- _HOW TO COMPLETE THIS TASK_
Establish how many lines of the material below contain the string "Gfun". Return that number by itself.

[DATASET Boundary: Start]

(* Let $A_1$ and $A_2$ be simple and covering literals that are unifiable with a most general unifier $\sigma$. Then $A_1\sigma$ is simple.
   Context: A compound term is a term that is neither a variable nor a constant. $\mathrm{Var}(E)$ denotes the set of variables of $E$. A literal is simple if each argument is a variable, a constant, or a term $f(u_1,\dots,u_n)$ with each $u_i$ a variable or a constant. A literal is covering if every compound term $t$ occurring in it satisfies $\mathrm{Var}(t)$ equal to the set of variables of the literal. *)

theory Defs
  imports Main
begin

datatype ('f, 'v) trm = Var 'v | Fun 'f "('f, 'v) trm list"

text \<open>Literals: polarity, predicate symbol, argument list.\<close>
datatype ('p, 'f, 'v) lit = Lit bool 'p "('f, 'v) trm list"

fun vars_trm :: "('f, 'v) trm \<Rightarrow> 'v set" where
  "vars_trm (Var x) = {x}"
| "vars_trm (Fun f ts) = (\<Union>t \<in> set ts. vars_trm t)"

fun args :: "('p, 'f, 'v) lit \<Rightarrow> ('f, 'v) trm list" where
  "args (Lit b p ts) = ts"

definition vars_lit :: "('p, 'f, 'v) lit \<Rightarrow> 'v set" where
  "vars_lit L = (\<Union>t \<in> set (args L). vars_trm t)"

fun subterms :: "('f, 'v) trm \<Rightarrow> ('f, 'v) trm set" where
  "subterms (Var x) = {Var x}"
| "subterms (Fun f ts) = insert (Fun f ts) (\<Union>t \<in> set ts. subterms t)"

definition subterms_lit :: "('p, 'f, 'v) lit \<Rightarrow> ('f, 'v) trm set" where
  "subterms_lit L = (\<Union>t \<in> set (args L). subterms t)"

definition is_var :: "('f, 'v) trm \<Rightarrow> bool" where
  "is_var t \<longleftrightarrow> (\<exists>x. t = Var x)"

definition is_const :: "('f, 'v) trm \<Rightarrow> bool" where
  "is_const t \<longleftrightarrow> (\<exists>c. t = Fun c [])"

definition is_compound :: "('f, 'v) trm \<Rightarrow> bool" where
  "is_compound t \<longleftrightarrow> \<not> is_var t \<and> \<not> is_const t"

definition simple_lit :: "('p, 'f, 'v) lit \<Rightarrow> bool" where
  "simple_lit L \<longleftrightarrow> (\<forall>t \<in> set (args L).
      is_var t \<or> is_const t \<or>
      (\<exists>f us. t = Fun f us \<and> (\<forall>u \<in> set us. is_var u \<or> is_const u)))"

definition covering_lit :: "('p, 'f, 'v) lit \<Rightarrow> bool" where
  "covering_lit L \<longleftrightarrow> (\<forall>t \<in> subterms_lit L. is_compound t \<longrightarrow> vars_trm t = vars_lit L)"

type_synonym ('f, 'v) subst = "'v \<Rightarrow> ('f, 'v) trm"

fun subst_trm :: "('f, 'v) trm \<Rightarrow> ('f, 'v) subst \<Rightarrow> ('f, 'v) trm" where
  "subst_trm (Var x) \<sigma> = \<sigma> x"
| "subst_trm (Fun f ts) \<sigma> = Fun f (map (\<lambda>t. subst_trm t \<sigma>) ts)"

fun subst_lit :: "('p, 'f, 'v) lit \<Rightarrow> ('f, 'v) subst \<Rightarrow> ('p, 'f, 'v) lit" where
  "subst_lit (Lit b p ts) \<sigma> = Lit b p (map (\<lambda>t. subst_trm t \<sigma>) ts)"

definition subst_comp :: "('f, 'v) subst \<Rightarrow> ('f, 'v) subst \<Rightarrow> ('f, 'v) subst" where
  "subst_comp \<sigma> \<delta> = (\<lambda>x. subst_trm (\<sigma> x) \<delta>)"

definition unifier :: "('p, 'f, 'v) lit \<Rightarrow> ('p, 'f, 'v) lit \<Rightarrow> ('f, 'v) subst \<Rightarrow> bool" where
  "unifier L1 L2 \<sigma> \<longleftrightarrow> subst_lit L1 \<sigma> = subst_lit L2 \<sigma>"

definition mgu :: "('p, 'f, 'v) lit \<Rightarrow> ('p, 'f, 'v) lit \<Rightarrow> ('f, 'v) subst \<Rightarrow> bool" where
  "mgu L1 L2 \<sigma> \<longleftrightarrow> unifier L1 L2 \<sigma> \<and>
     (\<forall>\<theta>. unifier L1 L2 \<theta> \<longrightarrow> (\<exists>\<delta>. \<theta> = subst_comp \<sigma> \<delta>))"

end

theory Submission
  imports Defs
begin

text \<open>
  Suppose some argument \<open>h(\<dots>, r, \<dots>)\<close> of \<open>A\<^sub>1\<sigma>\<close> has a compound argument \<open>r\<close>. Since \<open>A\<^sub>1\<close> is
  simple, \<open>r\<close> occurs inside \<open>\<sigma> x\<close> for a variable \<open>x\<close> of \<open>A\<^sub>1\<close> (and likewise of \<open>A\<^sub>2\<close>). If \<open>r\<close> is
  not the image \<open>t\<sigma>\<close> of a compound argument \<open>t\<close> of \<open>A\<^sub>1\<close> or \<open>A\<^sub>2\<close>, then replacing every
  occurrence of \<open>r\<close> in the range of \<open>\<sigma>\<close> by a variable yields a unifier that is strictly
  smaller than \<open>\<sigma>\<close>, so \<open>\<sigma>\<close> is not most general. If \<open>r = t\<sigma>\<close> with \<open>t\<close> compound, then by the
  covering property \<open>t\<close> contains every variable of its literal properly, so \<open>t\<sigma>\<close> is strictly
  larger than \<open>\<sigma> x\<close>, which contains \<open>r\<close>.
\<close>

lemma subst_trm_subst_comp: "subst_trm t (subst_comp \<sigma> \<delta>) = subst_trm (subst_trm t \<sigma>) \<delta>"
  by (induction t) (auto simp: subst_comp_def)

lemma args_subst_lit: "args (subst_lit A \<sigma>) = map (\<lambda>t. subst_trm t \<sigma>) (args A)"
  by (cases A) auto

lemma size_trm_pos: "0 < size (t :: ('f, 'v) trm)"
  by (cases t) auto

lemma size_le_size_subst_trm: "size t \<le> size (subst_trm t \<delta>)"
proof (induction t)
  case (Fun f ts)
  then have "size_list size ts \<le> size_list (size \<circ> (\<lambda>t. subst_trm t \<delta>)) ts"
    by (intro size_list_pointwise) simp
  then show ?case by simp
qed (simp add: Suc_le_eq size_trm_pos)

lemma size_list_strict_mono_at:
  assumes "\<And>x. x \<in> set xs \<Longrightarrow> f x \<le> g x" and "u \<in> set xs" and "f u < g u"
  shows "size_list f xs < size_list g xs"
  using assms
proof (induction xs)
  case (Cons a xs)
  have "size_list f xs \<le> size_list g xs"
    using Cons.prems(1) by (intro size_list_pointwise) simp
  with Cons show ?case by fastforce
qed simp

lemma subterms_refl: "t \<in> subterms t"
  by (cases t) auto

lemma size_subterm_le: "s \<in> subterms t \<Longrightarrow> size s \<le> size t"
proof (induction t)
  case (Fun f ts)
  show ?case
  proof (cases "s = Fun f ts")
    case False
    with Fun obtain u where "u \<in> set ts" "size s \<le> size u"
      by auto
    then have "size s \<le> size_list size ts"
      by (rule size_list_estimation')
    then show ?thesis by simp
  qed simp
qed simp

lemma var_subterm_subst_trm: "x \<in> vars_trm t \<Longrightarrow> \<sigma> x \<in> subterms (subst_trm t \<sigma>)"
  by (induction t) (auto simp: subterms_refl)

lemma compound_iff: "is_compound t \<longleftrightarrow> (\<exists>f u us. t = Fun f (u # us))"
  by (cases t) (auto simp: is_compound_def is_var_def is_const_def neq_Nil_conv)

lemma not_compoundE:
  assumes "\<not> is_compound t"
  obtains x where "t = Var x" | c where "t = Fun c []"
  using assms by (auto simp: is_compound_def is_var_def is_const_def)

definition simple_trm :: "('f, 'v) trm \<Rightarrow> bool" where
  "simple_trm t \<longleftrightarrow> (\<forall>f us. t = Fun f us \<longrightarrow> (\<forall>u \<in> set us. \<not> is_compound u))"

lemma simple_lit_iff_simple_args:
  fixes L :: "('p, 'f, 'v) lit"
  shows "simple_lit L \<longleftrightarrow> (\<forall>t \<in> set (args L). simple_trm t)"
proof -
  have "is_var t \<or> is_const t \<or> (\<exists>f us. t = Fun f us \<and> (\<forall>u \<in> set us. is_var u \<or> is_const u))
      \<longleftrightarrow> simple_trm t" for t :: "('f, 'v) trm"
    by (cases t) (auto simp: simple_trm_def is_compound_def is_var_def is_const_def)
  then show ?thesis
    by (simp only: simple_lit_def)
qed

fun replace_subterm :: "('f, 'v) trm \<Rightarrow> 'v \<Rightarrow> ('f, 'v) trm \<Rightarrow> ('f, 'v) trm" where
  "replace_subterm r z (Var x) = Var x"
| "replace_subterm r z (Fun f ts) =
     (if Fun f ts = r then Var z else Fun f (map (replace_subterm r z) ts))"

lemma size_replace_subterm_le: "size (replace_subterm r z t) \<le> size t"
proof (induction t)
  case (Fun f ts)
  then have "size_list (size \<circ> replace_subterm r z) ts \<le> size_list size ts"
    by (intro size_list_pointwise) simp
  then show ?case by simp
qed simp

lemma size_replace_subterm_less:
  "r \<in> subterms t \<Longrightarrow> is_compound r \<Longrightarrow> size (replace_subterm r z t) < size t"
proof (induction t)
  case (Var x)
  then show ?case by (simp add: compound_iff)
next
  case (Fun f ts)
  show ?case
  proof (cases "Fun f ts = r")
    case False
    with Fun.prems obtain u where "u \<in> set ts" "r \<in> subterms u"
      by auto
    with Fun have "size_list (size \<circ> replace_subterm r z) ts < size_list size ts"
      by (intro size_list_strict_mono_at[of ts _ _ u]) (auto intro: size_replace_subterm_le)
    with False show ?thesis by simp
  qed (use Fun.prems in \<open>auto simp: compound_iff\<close>)
qed

text \<open>The only compound subterm of a simple term \<open>t\<close> that could be mapped onto \<open>r\<close> is \<open>t\<close>
  itself.\<close>
lemma subst_trm_replace_subterm:
  assumes "simple_trm t" and "is_compound r" and "is_compound t \<longrightarrow> subst_trm t \<sigma> \<noteq> r"
  shows "subst_trm t (\<lambda>x. replace_subterm r z (\<sigma> x)) = replace_subterm r z (subst_trm t \<sigma>)"
proof (cases t)
  case (Fun f us)
  have "subst_trm u (\<lambda>x. replace_subterm r z (\<sigma> x)) = replace_subterm r z (subst_trm u \<sigma>)"
    if "u \<in> set us" for u
  proof -
    from that assms(1) Fun have "\<not> is_compound u"
      by (simp add: simple_trm_def)
    then show ?thesis
      using assms(2) by (elim not_compoundE) (auto simp: compound_iff)
  qed
  moreover have "Fun f (map (\<lambda>u. subst_trm u \<sigma>) us) \<noteq> r"
    using assms(2,3) Fun by (cases us) (auto simp: compound_iff)
  ultimately show ?thesis
    using Fun by simp
qed simp

text \<open>If \<open>r\<close> were no such instance, abstracting \<open>r\<close> to a variable would give a unifier strictly
  below \<open>\<sigma>\<close>; any variable will do, it need not be fresh.\<close>
lemma mgu_compound_subterm_is_instance:
  assumes "simple_lit A1" and "simple_lit A2" and "mgu A1 A2 \<sigma>"
    and "is_compound r" and "r \<in> subterms_lit (subst_lit A1 \<sigma>)"
  shows "\<exists>t \<in> set (args A1) \<union> set (args A2). is_compound t \<and> subst_trm t \<sigma> = r"
proof (rule ccontr)
  assume no_instance: "\<not> ?thesis"
  define \<theta> where "\<theta> = (\<lambda>x. replace_subterm r undefined (\<sigma> x))"
  have replace_args: "subst_trm t \<theta> = replace_subterm r undefined (subst_trm t \<sigma>)"
    if "t \<in> set (args A1) \<union> set (args A2)" for t
    unfolding \<theta>_def using that no_instance assms(1,2,4)
    by (intro subst_trm_replace_subterm) (auto simp: simple_lit_iff_simple_args)
  have "subst_lit A1 \<sigma> = subst_lit A2 \<sigma>"
    using assms(3) by (simp add: mgu_def unifier_def)
  then obtain b p ts1 ts2 where A: "A1 = Lit b p ts1" "A2 = Lit b p ts2"
    and "map (\<lambda>t. subst_trm t \<sigma>) ts1 = map (\<lambda>t. subst_trm t \<sigma>) ts2"
    by (cases A1; cases A2) auto
  then have "map (replace_subterm r undefined) (map (\<lambda>t. subst_trm t \<sigma>) ts1)
      = map (replace_subterm r undefined) (map (\<lambda>t. subst_trm t \<sigma>) ts2)"
    by simp
  then have "unifier A1 A2 \<theta>"
    using replace_args by (simp add: A unifier_def cong: map_cong)
  then obtain \<delta> where \<delta>: "\<theta> = subst_comp \<sigma> \<delta>"
    using assms(3) by (auto simp: mgu_def)
  from assms(5) obtain t where t: "t \<in> set (args A1)" "r \<in> subterms (subst_trm t \<sigma>)"
    by (auto simp: subterms_lit_def args_subst_lit)
  have "size (subst_trm t \<sigma>) \<le> size (subst_trm (subst_trm t \<sigma>) \<delta>)"
    by (rule size_le_size_subst_trm)
  also have "\<dots> = size (replace_subterm r undefined (subst_trm t \<sigma>))"
    using replace_args[of t] t(1) by (simp add: \<delta> subst_trm_subst_comp)
  also have "\<dots> < size (subst_trm t \<sigma>)"
    using t(2) assms(4) by (rule size_replace_subterm_less)
  finally show False by simp
qed

lemma simple_lit_compound_below_var:
  assumes "simple_lit A" and "Fun h cs \<in> set (args (subst_lit A \<sigma>))"
    and "c \<in> set cs" and "is_compound c"
  shows "\<exists>x \<in> vars_lit A. c \<in> subterms (\<sigma> x)"
proof -
  from assms(2) obtain t where t: "t \<in> set (args A)" "subst_trm t \<sigma> = Fun h cs"
    by (auto simp: args_subst_lit)
  then have "simple_trm t"
    using assms(1) by (simp add: simple_lit_iff_simple_args)
  have vars: "vars_trm t \<subseteq> vars_lit A"
    using t(1) by (auto simp: vars_lit_def)
  show ?thesis
  proof (cases t)
    case (Var x)
    then have "c \<in> subterms (\<sigma> x)"
      using t(2) assms(3) subterms_refl[of c] by auto
    with Var vars show ?thesis
      by auto
  next
    case (Fun f us)
    with t(2) assms(3) obtain u where u: "u \<in> set us" "c = subst_trm u \<sigma>"
      by auto
    moreover have "\<not> is_compound u"
      using \<open>simple_trm t\<close> Fun u(1) by (simp add: simple_trm_def)
    ultimately obtain x where "u = Var x"
      using assms(4) by (elim not_compoundE) (auto simp: compound_iff)
    with Fun u(1) have "x \<in> vars_trm t"
      by force
    with vars u(2) \<open>u = Var x\<close> show ?thesis
      using subterms_refl by auto
  qed
qed

text \<open>Covering puts every variable of the literal strictly below the root of \<open>t\<close>.\<close>
lemma covering_lit_size_less:
  assumes "covering_lit A" and "t \<in> set (args A)" and "is_compound t" and "x \<in> vars_lit A"
  shows "size (\<sigma> x) < size (subst_trm t \<sigma>)"
proof -
  have "vars_trm t = vars_lit A"
    using assms(1-3) subterms_refl[of t] by (auto simp: covering_lit_def subterms_lit_def)
  moreover obtain f us where "t = Fun f us"
    using assms(3) by (auto simp: compound_iff)
  ultimately obtain u where u: "u \<in> set us" "x \<in> vars_trm u"
    using assms(4) by auto
  have "size (\<sigma> x) \<le> size (subst_trm u \<sigma>)"
    using u(2) by (intro size_subterm_le var_subterm_subst_trm)
  also have "\<dots> < size (subst_trm t \<sigma>)"
    using \<open>t = Fun f us\<close> u(1) by (auto simp: less_Suc_eq_le intro: size_list_estimation')
  finally show ?thesis .
qed

theorem mainTheorem6:
  fixes A1 A2 :: "('p, 'f, 'v) lit" and \<sigma> :: "('f, 'v) subst"
  assumes "simple_lit A1" and "covering_lit A1"
    and "simple_lit A2" and "covering_lit A2"
    and "mgu A1 A2 \<sigma>"
  shows "simple_lit (subst_lit A1 \<sigma>)"
proof (rule ccontr)
  assume "\<not> simple_lit (subst_lit A1 \<sigma>)"
  then obtain h cs r where arg: "Fun h cs \<in> set (args (subst_lit A1 \<sigma>))"
    and r: "r \<in> set cs" "is_compound r"
    unfolding simple_lit_iff_simple_args simple_trm_def by blast
  have "r \<in> subterms (Fun h cs)"
    using r(1) subterms_refl by auto
  with arg have "r \<in> subterms_lit (subst_lit A1 \<sigma>)"
    unfolding subterms_lit_def by blast
  from mgu_compound_subterm_is_instance[OF assms(1,3,5) r(2) this]
  obtain A t where A: "A \<in> {A1, A2}" and t: "t \<in> set (args A)" "is_compound t"
    and r_eq: "subst_trm t \<sigma> = r"
    by blast
  have "subst_lit A1 \<sigma> = subst_lit A2 \<sigma>"
    using assms(5) by (simp add: mgu_def unifier_def)
  with A arg have arg_A: "Fun h cs \<in> set (args (subst_lit A \<sigma>))"
    by auto
  from A assms have "simple_lit A" and "covering_lit A"
    by auto
  then obtain x where x: "x \<in> vars_lit A" "r \<in> subterms (\<sigma> x)"
    using simple_lit_compound_below_var[OF _ arg_A r] by blast
  have "size (\<sigma> x) < size r"
    using covering_lit_size_less[where \<sigma> = \<sigma>, OF \<open>covering_lit A\<close> t x(1)] r_eq by simp
  moreover have "size r \<le> size (\<sigma> x)"
    using x(2) by (rule size_subterm_le)
  ultimately show False by simp
qed

end
(* Assume the setting of the context and suppose Assumption (A4) holds. Let $c_1$ be the constant of the lower bound $d_{G^n}(x,y)\ge c_1\alpha(n)d_E(x,y)$ in (A4)(a). Then for every $r,\varepsilon>0$ there exist a finite set $\mathcal{X}\subseteq\overline{B}_F(\rho,r/c_1)\cap F^*$ and an integer $n_0$ such that $(B_{G^n}(g_n(x),\alpha(n)\varepsilon))_{x\in\mathcal{X}}$ is a cover of $B_{G^n}(\rho,\alpha(n)r)$ whenever $n\geq n_0$.
   Context: Let $(E,d_E)$ be a metric space and $F\subseteq E$ such that $F\cap\overline{B}_E(x,r)$ is compact for all $x\in E$, $r>0$ ($\overline{B}_E$, $B_E$ closed and open balls in $E$). Let $d_F:=d_E|_{F\times F}$, $B_F(x,r)$, $\overline{B}_F(x,r)$ open and closed balls in $(F,d_F)$, and $\rho\in F$. For a locally finite connected graph $G$ with at least two vertices: $d_G$ is the shortest-path metric, $B_G(x,r)$ the open $d_G$-ball; $\mu^G$ a symmetric weight with $\mu^G_{xy}>0$ iff $\{x,y\}$ is an edge; $X^G$ the discrete time simple random walk with $P_G(x,y)=\mu^G_{xy}/\sum_z\mu^G_{xz}$; generator $\mathcal{L}_Gf(x)=\sum_yP_G(x,y)(f(y)-f(x))$. Parabolic Harnack inequality (PHI): with $Q_G(x,R,T):=[0,T]\times B_G(x,R)$, $Q^-_G:=[\frac14T,\frac12T]\times B_G(x,\frac12R)$, $Q^+_G:=[\frac34T,T)\times B_G(x,\frac12R)$, a function $u$ on $([0,T]\cap\mathbb{Z})\times B_G(x,R+1)$ is caloric on $Q_G(x,R,T)$ if $u(n+1,y)-u(n,y)=\mathcal{L}_Gu(n,y)$ for integers $0\le n\le T-1$, $y\in B_G(x,R)$; PHI with constant $C_H$ holds for $Q_G(x,R,T)$ if every non-negative caloric $u$ on it satisfies $\sup_{Q^-_G}\hat u\le C_H\inf_{Q^+_G}\hat u$, $\hat u(n,y):=u(n+1,y)+u(n,y)$. $(G^n)_{n\ge1}$ are such graphs with $V(G^n)\subseteq E$ and distinguished vertex $\rho$. $(\alpha(n)),(\gamma(n))$ are non-negative sequences diverging to $\infty$. For $x\in E$, $g_n(x)$ is a point of $V(G^n)$ minimising $d_E(x,\cdot)$. Assumption (A4): for some $\kappa\ge2$ and $C_H<\infty$: (a) there is $c_1>0$ with $d_{G^n}(x,y)\ge c_1\alpha(n)d_E(x,y)$ for all $x,y\in V(G^n)$, $n\ge1$, and a non-negative $\tilde\alpha(n)=o(\alpha(n))$ such that for each $r>0$ there are $c_2<\infty$, $n_0$ with $d_{G^n}(x,y)\le c_2\alpha(n)d_E(x,y)+\tilde\alpha(n)$ for all $x,y\in V(G^n)\cap B_E(\rho,r)$, $n\ge n_0$; (b) for every $r>0$, $V(G^n)\cap\overline{B}_E(\rho,r)\to\overline{B}_F(\rho,r)$ in the Hausdorff topology on non-empty compact subsets of $(E,d_E)$; (c) for every $x\in V(G^n)$, $n\ge1$, there is a positive integer $s_{G^n}(x)$ such that PHI with constant $C_H$ holds for $Q_{G^n}(x,R,R^\kappa)$ for all $R\ge s_{G^n}(x)$, and there is a dense subset $F^*\subseteq F$ with $\alpha(n)^{-1}s_{G^n}(g_n(x))\to0$ for every $x\in F^*$; (d) $\alpha(n)^\kappa=O(\gamma(n))$. *)

theory Defs
  imports "HOL-Analysis.Analysis" "HOL-Library.Landau_Symbols"
begin
(* Assume $u=(u_1,\dots,u_n)$ has positive entries linearly independent over $\mathbb{Q}$. Consider the formal power series in $\hbar$ $$V(t,\hbar)=\sum_{|r|\ge1}\hbar^{|r|-1}c_r(\hbar)\Big(\frac1tD_\theta\Big)^r\frac{e^{\frac{it}{2}\sum_j\theta_j}}{\prod_j(1-e^{it\theta_j})}\Bigg|_{\theta=u},$$ where $c_r(\hbar)=\sum_{i\ge0}c_{r,i}\hbar^{|r|-1+i}$. Then for every $\ell\ge0$, the coefficients of $\hbar^s$, $s\le\ell$, in $V(t,\hbar)$ (as functions of $t$) determine the coefficients of $\hbar^s$, $s\le \ell$, in $c_r(\hbar)$ for all $r$.
   Context: $r$ ranges over multi-indices in $\mathbb{Z}_{\ge0}^n$, $|r|=\sum r_j$, $D_\theta=-i(\partial_{\theta_1},\dots,\partial_{\theta_n})$. The $c_r(\hbar)$ are the coefficients of the semi-classical Birkhoff canonical form $F$ (Taylor series $\sum_{|r|\ge1}c_r(\hbar)p^r$). *)

theory Defs
  imports "HOL-Analysis.Analysis"
begin

text \<open>Points theta of R^n are functions nat => real (coordinates 0..n-1);
  multi-indices r are functions nat => nat supported in {..<n}.\<close>

definition multi_indices :: "nat \<Rightarrow> (nat \<Rightarrow> nat) set" where
  "multi_indices n = {r. \<forall>j\<ge>n. r j = 0}"

definition mabs :: "nat \<Rightarrow> (nat \<Rightarrow> nat) \<Rightarrow> nat" where
  "mabs n r = (\<Sum>j<n. r j)"

definition partial :: "nat \<Rightarrow> ((nat \<Rightarrow> real) \<Rightarrow> complex) \<Rightarrow> (nat \<Rightarrow> real) \<Rightarrow> complex" where
  "partial j f \<theta> = vector_derivative (\<lambda>s. f (\<theta>(j := s))) (at (\<theta> j))"

definition Dpow :: "nat \<Rightarrow> (nat \<Rightarrow> nat) \<Rightarrow> ((nat \<Rightarrow> real) \<Rightarrow> complex) \<Rightarrow> (nat \<Rightarrow> real) \<Rightarrow> complex" where
  "Dpow n r f = foldr (\<lambda>j g. ((\<lambda>h \<theta>. - \<i> * partial j h \<theta>) ^^ (r j)) g) [0..<n] f"

definition Gfun :: "nat \<Rightarrow> real \<Rightarrow> (nat \<Rightarrow> real) \<Rightarrow> complex" where
  "Gfun n t \<theta> = exp (\<i> * complex_of_real (t / 2 * (\<Sum>j<n. \<theta> j)))
      / (\<Prod>j<n. (1 - exp (\<i> * complex_of_real (t * \<theta> j))))"

definition fterm :: "nat \<Rightarrow> (nat \<Rightarrow> real) \<Rightarrow> (nat \<Rightarrow> nat) \<Rightarrow> real \<Rightarrow> complex" where
  "fterm n u r t = (1 / complex_of_real t) ^ mabs n r * Dpow n r (Gfun n t) u"

definition tdom :: "nat \<Rightarrow> (nat \<Rightarrow> real) \<Rightarrow> real set" where
  "tdom n u = {t. t \<noteq> 0 \<and> (\<forall>j<n. exp (\<i> * complex_of_real (t * u j)) \<noteq> 1)}"

text \<open>Coefficients: c r i is the coefficient c_{r,i} of hbar^{|r|-1+i} in c_r(hbar).
  Coefficient of hbar^s in V(t,hbar): sum over r, i with |r|-1+i = s.\<close>
definition Vcoef :: "nat \<Rightarrow> (nat \<Rightarrow> real) \<Rightarrow> ((nat \<Rightarrow> nat) \<Rightarrow> nat \<Rightarrow> real) \<Rightarrow> nat \<Rightarrow> real \<Rightarrow> complex" where
  "Vcoef n u c s t = (\<Sum>r\<in>{r\<in>multi_indices n. 1 \<le> mabs n r \<and> mabs n r \<le> s + 1}.
      complex_of_real (c r (s + 1 - mabs n r)) * fterm n u r t)"

definition rat_lin_indep :: "nat \<Rightarrow> (nat \<Rightarrow> real) \<Rightarrow> bool" where
  "rat_lin_indep n u \<longleftrightarrow>
     (\<forall>q :: nat \<Rightarrow> rat. (\<Sum>j<n. real_of_rat (q j) * u j) = 0 \<longrightarrow> (\<forall>j<n. q j = 0))"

[DATASET Boundary: End]

- _PROBLEM SOLUTION_
3